Baron von Rabwald held a hand to his nose to stifle the stench. “Sergeant, have some of your men form up a burial detail. Ask the crone if she can give the rites of Morr to these people.”
Ottmar turned around in his saddle, barking out orders to his men. Several soldiers reluctantly dismounted and started to approach the mound, a few opportunistic rats retreating from their approach.
“I shouldn’t do that.”
Ernst spun around, finding Skanir grinning at him from the back of his mule. The dwarf took the pipe from his mouth and pointed with it at the base of one of the mud-brick walls that enclosed the square. It took the baron a moment to realise that he was indicating a strange object jumbled against the crumbling plaster. It was a bizarre collection of rubbish: bits of iron and copper, scraps of cloth and wool, old bones and sticks.
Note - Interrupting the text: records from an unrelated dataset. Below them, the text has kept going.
definition Hcorr ::
  "(real \<Rightarrow> ('x::banach \<Rightarrow>\<^sub>L 'x)) \<Rightarrow> (real \<Rightarrow> ('y::banach \<Rightarrow>\<^sub>L 'y)) \<Rightarrow>
   ('x \<times> 'y \<Rightarrow> 'x) \<Rightarrow> ('x \<times> 'y \<Rightarrow> 'y) \<Rightarrow> real \<Rightarrow>
   ('x \<times> 'y) \<Rightarrow> ('x \<times> 'y) \<Rightarrow> bool" where
  "Hcorr T S B1 B2 s p q \<longleftrightarrow>
     (\<exists>x y. solves_sys T S B1 B2 0 s x y \<and> (x 0, y 0) = p \<and> (x s, y s) = q)"

definition AB_cond ::
  "(('x::real_normed_vector \<times> 'y::real_normed_vector) \<Rightarrow> ('x \<times> 'y) \<Rightarrow> bool) \<Rightarrow>
   real \<Rightarrow> real \<Rightarrow> real \<Rightarrow> real \<Rightarrow> real \<Rightarrow> real \<Rightarrow> bool" where
  "AB_cond H \<alpha> \<alpha>' lu \<beta> \<beta>' ls \<longleftrightarrow>
     (\<forall>x1 y1 x2 y2 x1' y1' x2' y2'.
        H (x1, y1) (x2, y2) \<longrightarrow> H (x1', y1') (x2', y2') \<longrightarrow>
        (norm (x1 - x1') \<le> \<alpha> * norm (y1 - y1') \<longrightarrow>
            norm (x2 - x2') \<le> \<alpha>' * norm (y2 - y2') \<and>
            norm (y1 - y1') \<le> lu * norm (y2 - y2')) \<and>
        (norm (y2 - y2') \<le> \<beta> * norm (x2 - x2') \<longrightarrow>
            norm (y1 - y1') \<le> \<beta>' * norm (x1 - x1') \<and>
            norm (x2 - x2') \<le> ls * norm (x1 - x1')))"

end

theory Submission
  imports Defs
begin

(* For two solutions let a = |x - x'| and b = |y - y'|.  The variation-of-constants
   formulas give integral inequalities for a forward in time and for b backward in time.
   As long as a <= b, the inequality for b is linear and Gronwall gives
   b(0) <= exp((-mu_u + eps) t) b(t); inserted into the inequality for a this yields
   a(t) <= (eps/gamma + (h - eps/gamma) exp(-gamma t)) b(t) <= h b(t), where
   gamma = mu_u - mu_s - eps.  Advancing by steps of a fixed short length shows that
   a(0) <= h b(0) with h < 1 keeps a <= b on the whole interval, which gives (A).
   Reversing time exchanges a with b and mu_s with -mu_u, which turns (A) into (B). *)

lemma gronwall_backward:
  fixes g :: "real \<Rightarrow> real"
  assumes gc: "continuous_on {r0..t} g" and e: "0 \<le> e"
    and hyp: "\<And>r. r \<in> {r0..t} \<Longrightarrow> g r \<le> C + e * integral {r..t} g"
    and r: "r \<in> {r0..t}"
  shows "g r \<le> C * exp (e * (t - r))"
proof -
  have gi: "g integrable_on {r0..t}" using gc integrable_continuous_real by blast
  define G where "G u = integral {r0..t} g - integral {r0..u} g" for u
  have G_eq: "G u = integral {u..t} g" if "u \<in> {r0..t}" for u
    using Henstock_Kurzweil_Integration.integral_combine[of r0 u t g] that gi by (auto simp: G_def)
  define F where "F u = exp (e * u) * (C + e * G u)" for u
  have Fc: "continuous_on {r..t} F"
    unfolding F_def G_def using r
    by (intro continuous_intros continuous_on_subset[OF indefinite_integral_continuous_1[OF gi]]) auto
  have "F r \<le> F t"
  proof (rule DERIV_nonneg_imp_increasing_open[OF _ _ Fc])
    show "r \<le> t" using r by auto
    fix x assume x: "r < x" "x < t"
    then have "x \<in> interior {r0..t}" using r by auto
    moreover have "((\<lambda>u. integral {r0..u} g) has_vector_derivative g x) (at x within {r0..t})"
      using integral_has_vector_derivative[OF gc] x r by auto
    ultimately have "((\<lambda>u. integral {r0..u} g) has_real_derivative g x) (at x)"
      by (metis at_within_interior has_real_derivative_iff_has_vector_derivative)
    then have "(F has_real_derivative exp (e * x) * (e * (C + e * G x - g x))) (at x)"
      unfolding F_def G_def by (auto intro!: derivative_eq_intros simp: algebra_simps)
    moreover have "g x \<le> C + e * G x" using hyp[of x] G_eq[of x] x r by auto
    ultimately show "\<exists>y. (F has_real_derivative y) (at x) \<and> 0 \<le> y"
      using e by (intro exI[of _ "exp (e * x) * (e * (C + e * G x - g x))"]) simp
  qed
  then have "exp (e * r) * (C + e * G r) \<le> exp (e * t) * C"
    unfolding F_def G_def by simp
  then have "C + e * G r \<le> exp (e * t) * C / exp (e * r)"
    by (simp add: field_simps)
  also have "\<dots> = C * exp (e * (t - r))"
    by (simp add: exp_diff right_diff_distrib)
  finally show ?thesis using hyp[OF r] G_eq[OF r] by simp
qed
All of it was tied together with rags. Ernst was reminded of the bundles they had seen refugees from the towns threatened by Zahaak carrying as they fled their homes, but what sort of idiot would bother about such junk? Skanir stabbed his pipe at another wall, and Ernst saw two more bundles of garbage. Now that he knew what he was looking for, the baron could see several more clustered around the plaza. He directed his puzzled gaze back at the dwarf.
“Somebody’s been doing a bit of looting,” Skanir commented, tucking his pipe back in his belt. “Probably waiting for nightfall before making away with it.”
“Looting?” Ernst scoffed. “Who would bother stealing that kind of junk?”